Wolfgang Van Halen is currently getting his reps in on the road in support of Mammoth WVH's debut album, and he wants fans to know they're doing it live.

"I think it’s a copout to use tracks, unless it’s like, for a keyboard part that you can’t necessarily get,” the bandleader tells UCR. “But when I hear about certain bands these days, where it’s like, you have lead vocals and lead guitars pumping through the tracks, I think that’s lame as hell. I think you should just stay home and listen to shit on Spotify if they’re going to play to tracks like that."

Mammoth WVH hit the road in late July and will be out through October, playing a mixture of headlining club dates, festival appearances and opening slots on Guns N' Roses' massive stadium and arena trek. While Van Halen recorded all the instrumentals on Mammoth WVH's eponymous debut, he's got an A-list backing band to help him pull the songs off live, including guitarists Frank Sidoris (Slash) and Jon Jourdan, bassist Ronnie Ficarro (Falling in Reverse) and drummer Garrett Whitlock (Tremonti).

Van Halen says he recruited Jourdan after seeing him play with Clint Lowery while opening for Alter Bridge, featuring Tremonti and singer Myles Kennedy, who also fronts Slash's solo band. “I saw Jon in Clint’s band and I thought he was an amazing singer and an amazing guitar player, and I was like, ‘I want ya! You’re mine!’” the bandleader enthuses. “Before Jon, Frank and I were picking which guitar parts to play. And Ronnie and I were picking which harmonies to sing. With Jon there, we can literally take care of every single thing that’s on the album, and we don’t have to replicate it with a track.”

That includes the towering four-part vocal harmonies in "Stone," the six-and-a-half-minute, breakdown-laden stomper that's become the band's collective favorite to perform. "In the second pre-chorus, there’s a four-part harmony, and we’re doing that live," Van Halen says with a laugh. "It feels really badass to be like, we don’t have to fuckin’ sit there with tracks.
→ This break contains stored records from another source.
theorem BSS_approximation:
  assumes f: "\<And>y. 0 \<le> y \<Longrightarrow> \<bar>f y\<bar> \<le> B"
  shows "\<bar>BSS n \<alpha> \<beta> f q x - f x\<bar> \<le> 2 * modcont f (sqrt (delta_n q n \<alpha> \<beta> x))"
proof -
  obtain m where m: "n = Suc m" using n by (cases n) auto
  define D where "D = delta_n q n \<alpha> \<beta> x"
  define \<omega> where "\<omega> = modcont f (sqrt D)"
  let ?E = "\<lambda>k. \<Sum>j. jackson_weight q k j * (bss_node q n \<alpha> \<beta> k j - x)\<^sup>2"
  let ?L = "\<lambda>k. \<Sum>j. jackson_weight q k j * f (bss_node q n \<alpha> \<beta> k j)"
  have D: "0 < D" unfolding D_def by (rule delta_n_pos)
  have dev: "\<bar>f y - f x\<bar> \<le> \<omega> + \<omega> / D * (y - x)\<^sup>2" if "0 \<le> y" for y
    using abs_diff_le_modcont_quadratic[where d="sqrt D", OF f that x] D
    unfolding \<omega>_def by (simp add: algebra_simps)
  have inner: "\<bar>?L k - f x\<bar> \<le> \<omega> + \<omega> / D * ?E k" for k
    by (rule weighted_mean_deviation_le(2)[OF sums_jackson_weight[OF q]
          summable_sums[OF summable_jackson_weight_bss_node]
          less_imp_le[OF jackson_weight_pos[OF q]] dev[OF bss_node_nonneg]])
  have "\<bar>(\<Sum>k. p_nk q n k x * ?L k) - f x\<bar> \<le> \<omega> + \<omega> / D * D"
    unfolding D_def
    by (rule weighted_mean_deviation_le(2)[OF sums_p_nk[OF q x, of m, folded m]
          sums_p_nk_central_moment p_nk_nonneg[OF q x] inner[unfolded D_def]])
  then show ?thesis
    using D BSS_eq_double_sum[OF f] unfolding D_def \<omega>_def by simp
qed

end

text \<open>The estimate holds for each \<open>n\<close> separately.\<close>
theorem mainTheorem3:
  fixes \<alpha> \<beta> a :: real and q :: "nat \<Rightarrow> real" and f :: "real \<Rightarrow> real"
  assumes "0 \<le> \<alpha>" and "\<alpha> \<le> \<beta>"
    and "\<And>n. 0 < q n \<and> q n < 1"
    and "st_lim q 1"
    and "st_lim (\<lambda>n. q n ^ n) a" and "a < 1"
    and "st_lim (\<lambda>n. 1 / qint (q n) n) 0"
    and "mono_on {0..} f" and "bounded (f ` {0..})" and "continuous_on {0..} f"
  shows "\<forall>x\<ge>0. \<forall>n\<ge>1.
     \<bar>BSS n \<alpha> \<beta> f (q n) x - f x\<bar> \<le> 2 * modcont f (sqrt (delta_n (q n) n \<alpha> \<beta> x))"
proof (intro allI impI)
  fix x :: real and n :: nat
  assume "0 \<le> x" "1 \<le> n"
  obtain B where "\<And>y. 0 \<le> y \<Longrightarrow> \<bar>f y\<bar> \<le> B"
    using \<open>bounded (f ` {0..})\<close> by (auto simp: bounded_iff)
  moreover have "0 < q n" "q n < 1" using assms(3) by auto
  ultimately show "\<bar>BSS n \<alpha> \<beta> f (q n) x - f x\<bar> \<le> 2 * modcont f (sqrt (delta_n (q n) n \<alpha> \<beta> x))"
    using \<open>0 \<le> x\<close> \<open>1 \<le> n\<close> assms(1,2) by (intro BSS_approximation) auto
qed

end
lemma conf_ostrowski_inequality:
  fixes f Df :: "real \<Rightarrow> real"
  assumes "0 \<le> a" "a < b" "0 < \<alpha>" and diff: "conf_diff_on \<alpha> f Df a b"
    and bound: "\<And>s. a < s \<Longrightarrow> s < b \<Longrightarrow> \<bar>Df s\<bar> \<le> m"
    and t: "t \<in> {a..b}"
  shows "\<bar>f t - \<alpha> / (b powr \<alpha> - a powr \<alpha>) * conf_integral \<alpha> a b f\<bar>
     \<le> m * (1 / (2 * \<alpha> * (b powr \<alpha> - a powr \<alpha>)) *
              ((t powr \<alpha> - a powr \<alpha>)\<^sup>2 + (b powr \<alpha> - t powr \<alpha>)\<^sup>2))"
proof -
  define A B T where "A = a powr \<alpha>" and "B = b powr \<alpha>" and "T = t powr \<alpha>"
  define g where "g = (\<lambda>u. f (u powr (1 / \<alpha>)))"
  have "A < B"
    unfolding A_def B_def using assms by (simp add: powr_less_mono2)
  have T_mem: "T \<in> {A..B}"
    unfolding A_def B_def T_def using assms by (auto intro: powr_mono2)
  have ft: "f t = g T"
    unfolding g_def T_def using assms by (simp add: powr_powr)
  have cont: "continuous_on {a..b} f"
    using diff by (simp add: conf_diff_on_def)
  have g_deriv: "(g has_real_derivative Df (u powr (1 / \<alpha>)) / \<alpha>) (at u)" if "A < u" "u < B" for u
  proof -
    define s where "s = u powr (1 / \<alpha>)"
    have s: "a < s" "s < b"
      using powr_root_mem_Ioo[of a b \<alpha> u] assms that unfolding A_def B_def s_def by auto
    have "0 < u"
      using that \<open>0 \<le> a\<close> unfolding A_def by (meson le_less_trans powr_ge_zero)
    have "u powr (1 / \<alpha> - 1) = s powr (1 - \<alpha>)"
      using \<open>0 < u\<close> \<open>0 < \<alpha>\<close> by (simp add: s_def powr_powr field_simps)
    then have "Df s * s powr (\<alpha> - 1) * (1 / \<alpha> * u powr (1 / \<alpha> - 1)) = Df s / \<alpha>"
      using s \<open>0 \<le> a\<close> by (simp add: powr_add[symmetric])
    moreover have "(g has_real_derivative Df s * s powr (\<alpha> - 1) * (1 / \<alpha> * u powr (1 / \<alpha> - 1))) (at u)"
      using DERIV_chain2[OF conf_diff_on_has_real_derivative[OF diff \<open>0 \<le> a\<close> s, unfolded s_def]
          has_real_derivative_powr[OF \<open>0 < u\<close>]]
      unfolding g_def s_def .
    ultimately have "(g has_real_derivative Df s / \<alpha>) (at u)"
      by (simp only:)
    then show ?thesis
      unfolding s_def .
  qed
  have "(m / \<alpha>)-lipschitz_on {A..B} g"
  proof (rule lipschitz_on_Icc_if_deriv_bounded[OF \<open>A < B\<close> _ g_deriv])
    show "continuous_on {A..B} g"
      unfolding g_def A_def B_def using assms cont by (intro continuous_on_comp_powr_root) auto
    show "\<bar>Df (u powr (1 / \<alpha>)) / \<alpha>\<bar> \<le> m / \<alpha>" if "A < u" "u < B" for u
      using powr_root_mem_Ioo[of a b \<alpha> u] bound assms that
      unfolding A_def B_def by (auto intro: divide_right_mono)
  qed
  from ostrowski_inequality_lipschitz[OF this \<open>A < B\<close> T_mem]
  have "\<bar>g T - integral {A..B} g / (B - A)\<bar> \<le> m / \<alpha> * ((T - A)\<^sup>2 + (B - T)\<^sup>2) / (2 * (B - A))" .
  moreover have "\<alpha> * conf_integral \<alpha> a b f = integral {A..B} g"
    unfolding A_def B_def g_def
    using conf_integral_powr_substitution[OF \<open>0 \<le> a\<close> _ \<open>0 < \<alpha>\<close> cont] assms by simp
  ultimately show ?thesis
    unfolding ft A_def [symmetric] B_def [symmetric] T_def [symmetric] by (simp add: field_simps)
qed
lemma shortest_path_nonadjacent:
  assumes "simple_graph V E" "x \<noteq> y" "\<not> E x y" "E x z\<^sub>0" "E z\<^sub>0 y"
    and "shortest_path V E x y p"
  obtains z where "p = [x, z, y]" "E x z" "E z y"
proof -
  have walk: "walk_between V E x y p" and "length p \<le> 3"
    using assms(6) shortest_path_two_steps[OF assms(1-5)] by (auto simp: shortest_path_def)
  with walk_between_length_ge_3 assms(2,3) have "length p = 3" by fastforce
  then obtain a z c where "p = [a, z, c]" by (auto simp: numeral_3_eq_3 length_Suc_conv)
  with walk that show thesis by (auto simp: walk_between_def)
qed

lemma internal_vertices_nonempty:
  assumes "3 \<le> length p"
  shows "internal_vertices p \<noteq> {}"
proof -
  obtain a b c q where "p = a # b # c # q"
    using assms by (metis Suc_le_length_iff numeral_3_eq_3)
  then show ?thesis by (simp add: internal_vertices_def)
qed

lemma X_visible_adjacent:
  assumes "simple_graph V E" "x \<in> V" "x = y \<or> E x y"
  shows "X_visible V E X x y"
  using assms shortest_path_self shortest_path_edge
  by (fastforce simp: X_visible_def internal_vertices_def)

lemma X_visible_nonadjacent_iff:
  assumes "simple_graph V E" "x \<noteq> y" "\<not> E x y" "E x z\<^sub>0" "E z\<^sub>0 y"
  shows "X_visible V E X x y \<longleftrightarrow> (\<exists>z. E x z \<and> E z y \<and> z \<notin> X)"
proof
  assume "X_visible V E X x y"
  then obtain p where p: "shortest_path V E x y p" "internal_vertices p \<inter> X = {}"
    by (auto simp: X_visible_def)
  then obtain z where "p = [x, z, y]" "E x z" "E z y"
    using shortest_path_nonadjacent[OF assms] by blast
  with p(2) show "\<exists>z. E x z \<and> E z y \<and> z \<notin> X"
    by (auto simp: internal_vertices_def)
next
  assume "\<exists>z. E x z \<and> E z y \<and> z \<notin> X"
  then show "X_visible V E X x y"
    using shortest_path_two_steps[OF assms(1-3)]
    by (fastforce simp: X_visible_def internal_vertices_def)
qed

lemma total_mutual_visibility_set_iff:
  assumes "simple_graph V E" "diameter_le_2 V E"
  shows "total_mutual_visibility_set V E X \<longleftrightarrow> X \<subseteq> V \<and>
    (\<forall>x\<in>V. \<forall>y\<in>V. x \<noteq> y \<and> \<not> E x y \<longrightarrow> (\<exists>z. E x z \<and> E z y \<and> z \<notin> X))"
  using assms X_visible_adjacent X_visible_nonadjacent_iff
  unfolding total_mutual_visibility_set_def diameter_le_2_def by metis

lemma not_total_mutual_visibility_set_all:
  assumes "simple_graph V E" "\<not> complete_graph V E"
  shows "\<not> total_mutual_visibility_set V E V"
proof
  assume tmv: "total_mutual_visibility_set V E V"
  obtain x y where xy: "x \<in> V" "y \<in> V" "x \<noteq> y" "\<not> E x y"
    using assms(2) by (auto simp: complete_graph_def)
  with tmv have "X_visible V E V x y" by (simp add: total_mutual_visibility_set_def)
  then obtain p where p: "shortest_path V E x y p" "internal_vertices p \<inter> V = {}"
    by (auto simp: X_visible_def)
  then have walk: "walk V E p" "3 \<le> length p"
    using walk_between_length_ge_3[of V E x y p] xy by (auto simp: shortest_path_def walk_between_def)
  then have "internal_vertices p \<noteq> {}" by (intro internal_vertices_nonempty)
  moreover have "internal_vertices p \<subseteq> V"
    using walk by (auto simp: walk_def internal_vertices_def dest: in_set_butlastD list.set_sel(2))
  ultimately show False using p(2) by blast
qed

lemma mu_t_eqI:
  assumes "finite V" "total_mutual_visibility_set V E X"
    and "\<And>Y. total_mutual_visibility_set V E Y \<Longrightarrow> card Y \<le> card X"
  shows "mu_t V E = card X"
  unfolding mu_t_def
proof (rule Max_eqI)
  show "finite {card X |X. total_mutual_visibility_set V E X}"
    by (rule finite_subset[of _ "card ` Pow V"])
      (auto simp: total_mutual_visibility_set_def assms(1))
qed (use assms in auto)

lemma diameter_le_2_if_universal_vertex:
  assumes "simple_graph V E" "universal_vertex V E u"
  shows "diameter_le_2 V E"
  using assms unfolding simple_graph_def universal_vertex_def diameter_le_2_def by metis

lemma mu_t_universal_vertex:
  assumes "simple_graph V E" "universal_vertex V E u" "\<not> complete_graph V E"
  shows "mu_t V E = card V - 1"
proof -
  have fin: "finite V" using assms(1) by (simp add: simple_graph_def)
  have tmv_iff: "total_mutual_visibility_set V E X \<longleftrightarrow> X \<subseteq> V \<and>
      (\<forall>x\<in>V. \<forall>y\<in>V. x \<noteq> y \<and> \<not> E x y \<longrightarrow> (\<exists>z. E x z \<and> E z y \<and> z \<notin> X))" for X
    using total_mutual_visibility_set_iff[OF assms(1) diameter_le_2_if_universal_vertex[OF assms(1,2)]] .
  have tmv: "total_mutual_visibility_set V E (V - {u})"
    unfolding tmv_iff
  proof (intro conjI ballI impI)
    fix x y assume xy: "x \<in> V" "y \<in> V" "x \<noteq> y \<and> \<not> E x y"
    have sym: "E a b \<Longrightarrow> E b a" for a b using assms(1) by (simp add: simple_graph_def)
    have u: "\<forall>v\<in>V. v \<noteq> u \<longrightarrow> E v u" using assms(2) by (simp add: universal_vertex_def)
    then have "x \<noteq> u" "y \<noteq> u" using xy sym by metis+
    then have "E x u" "E u y" using xy u sym by metis+
    then show "\<exists>z. E x z \<and> E z y \<and> z \<notin> V - {u}" by blast
  qed blast
  have card_remove: "card (V - {u}) = card V - 1"
    using assms(2) fin by (simp add: universal_vertex_def)
  have "card Y \<le> card (V - {u})" if "total_mutual_visibility_set V E Y" for Y
  proof -
    have "Y \<subseteq> V" using that by (simp add: total_mutual_visibility_set_def)
    moreover have "Y \<noteq> V" using that not_total_mutual_visibility_set_all[OF assms(1,3)] by blast
    ultimately have "card Y < card V" using fin by (intro psubset_card_mono) auto
    with card_remove show ?thesis by simp
  qed
  from mu_t_eqI[OF fin tmv this] card_remove show ?thesis by simp
qed
lemma cut_ratio_eq_iff:
  fixes n k s c :: nat
  assumes "0 < k" "k \<le> n" "0 < c"
  shows "real n / real k - 1 = real s / real c \<longleftrightarrow> (n - k) * c = k * s"
proof -
  have "real n / real k - 1 = real s / real c \<longleftrightarrow> real ((n - k) * c) = real (k * s)"
    using assms by (simp add: field_simps)
  then show ?thesis
    by (simp only: of_nat_eq_iff)
qed

lemma kneser_star_complement_cut:
  assumes "2 \<le> k" "k < n"
  defines "S \<equiv> kneser_vertices n k - {X \<in> kneser_vertices n k. 1 \<in> X}"
  shows "vertex_cut (kneser_vertices n k) kneser_adj S"
    "(n - k) * num_components (kneser_vertices n k - S) kneser_adj = k * card S"
proof -
  let ?V = "kneser_vertices n k" and ?I = "{X \<in> kneser_vertices n k. 1 \<in> X}"
  have "?V - S = ?I"
    unfolding S_def by blast
  then have c: "num_components (?V - S) kneser_adj = (n - 1) choose (k - 1)"
    using num_components_edgeless[of ?I kneser_adj] card_kneser_star assms(1,2)
    unfolding kneser_adj_def by auto
  have "2 \<le> k choose (k - 1)"
    using assms(1) binomial_symmetric[of "k - 1" k] by simp
  also have "\<dots> \<le> (n - 1) choose (k - 1)"
    using assms(2) by (intro binomial_right_mono) simp
  finally show "vertex_cut ?V kneser_adj S"
    using c unfolding vertex_cut_def S_def by simp
  have "card S = (n choose k) - card ?I"
    using card_add_card_kneser_complement[of S n k] \<open>?V - S = ?I\<close> unfolding S_def by auto
  then have "k * card S = k * (n choose k) - k * card ?I"
    by (simp add: diff_mult_distrib2)
  also have "\<dots> = (n - k) * card ?I"
    using times_binomial_minus1_eq[of k n] card_kneser_star assms by (simp add: diff_mult_distrib)
  finally show "(n - k) * num_components (?V - S) kneser_adj = k * card S"
    using c card_kneser_star assms by simp
qed

lemma toughness_eqI:
  assumes "finite V" "vertex_cut V E S0" "real (card S0) / real (num_components (V - S0) E) = t"
    and "\<And>S. vertex_cut V E S \<Longrightarrow> t \<le> real (card S) / real (num_components (V - S) E)"
  shows "toughness V E = t"
  unfolding toughness_def
proof (rule Min_eqI)
  have "{real (card S) / real (num_components (V - S) E) |S. vertex_cut V E S}
      \<subseteq> (\<lambda>S. real (card S) / real (num_components (V - S) E)) ` Pow V"
    unfolding vertex_cut_def by blast
  then show "finite {real (card S) / real (num_components (V - S) E) |S. vertex_cut V E S}"
    using assms(1) finite_subset by blast
qed (use assms(2-) in auto)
We’re just straight-up doing it. I think it’s important. It’s certainly not perfect all of the time. That’s the point of live performance. It ebbs and flows."

Watch Mammoth WVH Live at MetLife Stadium, Aug. 5, 2021

Van Halen and the members of Mammoth WVH quickly earned the approval of their headliners. Axl Rose praised the single "Don't Back Down" during his and Van Halen's first in-person meeting backstage at their Aug. 5 MetLife Stadium show. Duff McKagan also dropped by the Mammoth WVH dressing room to let them know Rose called the song "straight fuckin' rock and roll."

"I thought that was the biggest compliment I could have heard," Van Halen says. "It still feels like a dream."

An artist of Van Halen's stature is inevitably subject to scrutiny from fans, especially on such a massive tour. But the 30-year-old rocker is up to the challenge. After all, he's been proving himself onstage for half his life, becoming Van Halen's full-time bassist in 2006 following Michael Anthony's departure.

"When I was in Van Halen, people thought I was using tracks, but I wasn’t," Van Halen says with a laugh. "So it’s kind of a compliment."